The present invention relates to a locking cylinder for installation in a lock, with a locking element for actuating a lock bolt or the like, and an actuating element, preferably a knob, the actuating element being normally uncoupled from the locking element, and with a coupling for connecting the locking element to the actuator after receiving an identification code from an associated transponder.

Furthermore, the present invention relates to a method for performing a closing operation of a lock, in particular a door.

The generic locking cylinder is a so-called electronic locking cylinder. The locking cylinder can be a profile cylinder, for example.

Conventional locking cylinders have mechanical pin tumblers and can be unlocked using a mechanical key in order to lock or unlock a door lock using a locking bit.

Electronic lock cylinders generally have an electronic control device. As soon as an identification code is accepted by the electronic control device, a clutch is activated in order to connect the closing element to the actuating element, so as to enable a User can lock or unlock the lock by means of the actuator.

A suitable drive, for example a motor, can be provided within the lock cylinder, for example, to control the clutch.

The access authorization can be checked by means of a mobile transponder (identifier) in which the data relevant for checking the access authorization (identification code or access authorization code) are stored in electronic form.

In some systems it is provided that the locking cylinder is connected to a voltage supply network. However, this requires a relatively complex wiring. This applies in particular when it is intended to replace an existing conventional mechanical locking cylinder with an electronic locking cylinder.

It is therefore also known to equip electronic locking cylinders with their own energy supply (energy storage in the form of a battery or an accumulator). Such electronic locking cylinders are also suitable for retrofitting and are suitable for easy integration into existing locking systems.

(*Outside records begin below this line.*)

lemma sum_reindex_\<rho>: "(\<Sum>j<J. f j) = (\<Sum>m<J. f (\<rho> m))"
  by (rule sum.reindex_bij_betw[OF \<rho>_bij, symmetric])

lemma untreated_prefix_aligned:
  assumes ys: "ys \<in> paths K n" and n: "1 \<le> n" "n \<le> T" and m: "m < J"
  shows "joint p (\<rho> m) n ys 0 = joint s m n ys 0"
proof -
  have marg: "(\<Sum>zs\<in>paths K (T - n). joint \<theta> j T (ys @ zs) 0) = joint \<theta> j n ys 0"
    if "valid_pmfs K J T0 T \<theta>" "j < J" for \<theta> j
    using sum_Ppre_extensions[OF that ys n order_refl] by (simp add: joint_def sum_distrib_left[symmetric])
  have "joint p (\<rho> m) T (ys @ zs) 0 = joint s m T (ys @ zs) 0" if "zs \<in> paths K (T - n)" for zs
    using \<rho>_untreated append_in_paths[OF ys that] n m by simp
  then show ?thesis
    using marg[OF valid_pmfs_p \<rho>_less[OF m]] marg[OF valid_pmfs_s m] by simp
qed

text \<open>The transition q21 is only identified where the untreated history has positive weight;
  elsewhere overlap makes the treated weight vanish as well.\<close>

lemma q21_aligned_on_treated:
  assumes \<xi>1: "\<xi>1 \<in> paths K k" and x: "x < K" and m: "m < J"
  shows "joint p (\<rho> m) k \<xi>1 1 * q21 k p (\<rho> m) x \<xi>1 = joint p (\<rho> m) k \<xi>1 1 * q21 k s m x \<xi>1"
proof (cases "joint s m k \<xi>1 0 = 0")
  case True
  have "joint p (\<rho> m) k \<xi>1 0 = 0"
    using True untreated_prefix_aligned[OF \<xi>1 k_pos _ m] k_T by simp
  then have "joint p (\<rho> m) k \<xi>1 1 = 0"
    using joint_treated_vanishes[OF model_p eps_pos \<rho>_less[OF m] \<xi>1 k_pos _ T0_T] k_T0 by simp
  then show ?thesis by simp
next
  case False
  have "\<xi>1 @ [x] \<in> paths K (Suc k)" using \<xi>1 x by (auto simp: paths_def)
  then have "joint p (\<rho> m) (Suc k) (\<xi>1 @ [x]) 0 = joint s m (Suc k) (\<xi>1 @ [x]) 0"
    using untreated_prefix_aligned[of "\<xi>1 @ [x]" "Suc k" m] k_T m by simp
  moreover have "joint p (\<rho> m) k \<xi>1 0 = joint s m k \<xi>1 0"
    using untreated_prefix_aligned[OF \<xi>1 k_pos _ m] k_T by simp
  ultimately have "q21 k p (\<rho> m) x \<xi>1 = q21 k s m x \<xi>1"
    using False by (simp add: joint_head(1)[OF length_paths[OF \<xi>1] k_pos])
  then show ?thesis by simp
qed

lemma treated_prefix_aligned:
  assumes \<xi>1: "\<xi>1 \<in> paths K k" and m: "m < J"
  shows "joint p (\<rho> m) k \<xi>1 1 = joint s m k \<xi>1 1"
proof -
  obtain c where c: "\<forall>i<J. c i < K" and dc: "det (mat J J (\<lambda>(i, j). q21 k s j (c i) \<xi>1)) \<noteq> 0"
    using ID_s \<xi>1 unfolding ID_def ID_c_def by blast
  have "\<forall>i<J. (\<Sum>j<J. q21 k s j (c i) \<xi>1 * (joint p (\<rho> j) k \<xi>1 1 - joint s j k \<xi>1 1)) = 0"
  proof (intro allI impI)
    fix i assume "i < J"
    then have x: "c i < K" using c by simp
    have pth: "\<xi>1 @ [c i] \<in> paths K (k + 1)" using \<xi>1 x by (auto simp: paths_def)
    have "(\<Sum>zs\<in>paths K (T - (k + 1)). pW J T0 T p ((\<xi>1 @ [c i]) @ zs) 1)
        = (\<Sum>zs\<in>paths K (T - (k + 1)). pW J T0 T s ((\<xi>1 @ [c i]) @ zs) 1)"
    proof (rule sum.cong[OF refl])
      fix zs assume "zs \<in> paths K (T - (k + 1))"
      then have "(\<xi>1 @ [c i]) @ zs \<in> paths K T" using append_in_paths[OF pth] k_T by fastforce
      then show "pW J T0 T p ((\<xi>1 @ [c i]) @ zs) 1 = pW J T0 T s ((\<xi>1 @ [c i]) @ zs) 1"
        using same_law by blast
    qed
    then have "(\<Sum>j<J. joint p j k \<xi>1 1 * q21 k p j (c i) \<xi>1) = (\<Sum>j<J. joint s j k \<xi>1 1 * q21 k s j (c i) \<xi>1)"
      using treated_moment[OF valid_pmfs_p \<xi>1 x k_pos k_T0 T0_T]
        treated_moment[OF valid_pmfs_s \<xi>1 x k_pos k_T0 T0_T] by simp
    moreover have "(\<Sum>j<J. joint p j k \<xi>1 1 * q21 k p j (c i) \<xi>1)
        = (\<Sum>j<J. joint p (\<rho> j) k \<xi>1 1 * q21 k p (\<rho> j) (c i) \<xi>1)"
      by (rule sum_reindex_\<rho>)
    also have "\<dots> = (\<Sum>j<J. joint p (\<rho> j) k \<xi>1 1 * q21 k s j (c i) \<xi>1)"
      using q21_aligned_on_treated[OF \<xi>1 x] by (intro sum.cong refl) simp
    ultimately show "(\<Sum>j<J. q21 k s j (c i) \<xi>1 * (joint p (\<rho> j) k \<xi>1 1 - joint s j k \<xi>1 1)) = 0"
      by (simp add: algebra_simps sum_subtractf)
  qed
  from det_nonzero_imp_kernel_zero[OF dc this m] show ?thesis by simp
qed

lemma counterfactual_aligned:
  assumes xs: "xs \<in> paths K T"
  shows "(\<Sum>j<J. mixw p j * pW0cf T0 T p j xs) = (\<Sum>j<J. mixw s j * pW0cf T0 T s j xs)"
proof -
  have kT: "k \<le> T" "k \<le> T0" using k_T k_T0 by simp_all
  have tk: "take k xs \<in> paths K k" using take_in_paths[OF xs kT(1)] .
  have "mixw p (\<rho> m) * pW0cf T0 T p (\<rho> m) xs = mixw s m * pW0cf T0 T s m xs" if m: "m < J" for m
    using mixw_pW0cf_eq[OF model_p eps_pos \<rho>_less[OF m] xs k_pos kT(2) T0_T]
      mixw_pW0cf_eq[OF model_s eps_pos m xs k_pos kT(2) T0_T]
      treated_prefix_aligned[OF tk m] untreated_prefix_aligned[OF tk k_pos kT(1) m]
      \<rho>_untreated xs m
    by simp
  then show ?thesis
    by (subst sum_reindex_\<rho>) simp
qed

lemma treated_mass_aligned:
  "(\<Sum>j<J. mixw p j * prD1 K T0 p j) = (\<Sum>j<J. mixw s j * prD1 K T0 s j)"
proof -
  have kT: "k \<le> T" using k_T by simp
  have mass: "(\<Sum>j<J. mixw \<theta> j * prD1 K T0 \<theta> j) = (\<Sum>\<xi>1\<in>paths K k. \<Sum>j<J. joint \<theta> j k \<xi>1 1)"
    if "valid_pmfs K J T0 T \<theta>" for \<theta>
    using prD1_eq_sum_Ppre[OF that _ k_pos kT]
    by (simp add: joint_def sum_distrib_left sum.swap[of _ "paths K k"])
  have "(\<Sum>j<J. joint p j k \<xi>1 1) = (\<Sum>j<J. joint s j k \<xi>1 1)" if "\<xi>1 \<in> paths K k" for \<xi>1
  proof -
    have "(\<Sum>j<J. joint p j k \<xi>1 1) = (\<Sum>m<J. joint p (\<rho> m) k \<xi>1 1)"
      by (rule sum_reindex_\<rho>)
    also have "\<dots> = (\<Sum>m<J. joint s m k \<xi>1 1)"
      using treated_prefix_aligned[OF that] by (intro sum.cong refl) simp
    finally show ?thesis .
  qed
  then show ?thesis by (simp add: mass[OF valid_pmfs_p] mass[OF valid_pmfs_s])
qed

end

lemma att_eq: "att K J T0 T p t c = att K J T0 T s t c"
proof -
  obtain \<rho> where \<rho>: "bij_betw \<rho> {..<J} {..<J}"
    and untreated: "\<forall>xs\<in>paths K T. \<forall>m<J. joint p (\<rho> m) T xs 0 = joint s m T xs 0"
    using untreated_components_aligned by blast
  have T0: "1 \<le> T0" using k_T0 by simp
  have "(\<Sum>xs\<in>paths K T. if xs ! (t - 1) = c then pW J T0 T p xs 1 else 0)
      = (\<Sum>xs\<in>paths K T. if xs ! (t - 1) = c then pW J T0 T s xs 1 else 0)"
    using same_law by (intro sum.cong refl) simp
  moreover have "(\<Sum>xs\<in>paths K T. if xs ! (t - 1) = c then (\<Sum>j<J. mixw p j * pW0cf T0 T p j xs) else 0)
      = (\<Sum>xs\<in>paths K T. if xs ! (t - 1) = c then (\<Sum>j<J. mixw s j * pW0cf T0 T s j xs) else 0)"
    using counterfactual_aligned[OF \<rho> untreated] by (intro sum.cong refl) simp
  ultimately show ?thesis
    by (simp add: att_observable_form[OF valid_pmfs_p T0 T0_T] att_observable_form[OF valid_pmfs_s T0 T0_T]
        treated_mass_aligned[OF \<rho> untreated])
qed

end

theorem corollary2:
  fixes K J T0 T k :: nat and \<epsilon> :: real and \<psi>s \<psi> :: param
  assumes "K \<ge> 2" and "J \<ge> 1" and "T0 \<ge> 1" and "T > T0" and "\<epsilon> > 0"
    and "k \<ge> 1" and "T0 \<ge> k + 1" and "T \<ge> 2 * (k + 1)"
    and "model K J T0 T \<epsilon> \<psi>s"
    and "\<forall>i j. i < j \<and> j < J \<longrightarrow> mixw \<psi>s i < mixw \<psi>s j"
    and "ID K J T k \<psi>s"
    and "model K J T0 T \<epsilon> \<psi>"
    and "\<forall>xs\<in>paths K T. \<forall>d\<in>{0,1}. pW J T0 T \<psi> xs d = pW J T0 T \<psi>s xs d"
    and "T0 + 1 \<le> t" and "t \<le> T"
  shows "\<forall>c<K. att K J T0 T \<psi> t c = att K J T0 T \<psi>s t c"
proof -
  \<comment> \<open>The ATT sums over all types.\<close>
  interpret observationally_equivalent K J T0 T k \<epsilon> \<psi>s \<psi>
    by unfold_locales (use assms in auto)
  show ?thesis using att_eq by blast
qed

end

In the case of such electromechanical locking devices (electronic locking cylinders), a mechanical locking element (for example a locking bit) with an actuating element (handle, preferably a knob or similar) is often used for unlocking. ches) coupled. The actual locking or unlocking process then takes place by actuating the actuator. This saves energy.

Another measure to keep the energy consumption as low as possible is to put the electronic part of the electromechanical locking device into an inactive mode when not in use (sleep mode). In the inactive mode, the electronics of the locking cylinder are in a state in which the self-sufficient energy supply is loaded as little as possible, ideally not at all.

Nevertheless, a not inconsiderable amount of energy is consumed in such electronic locking cylinders, at least during the coupling process, so that such locking cylinders can at best be low-maintenance, but not largely maintenance-free.

It is the object of the present invention to provide an improved locking cylinder and an improved locking method.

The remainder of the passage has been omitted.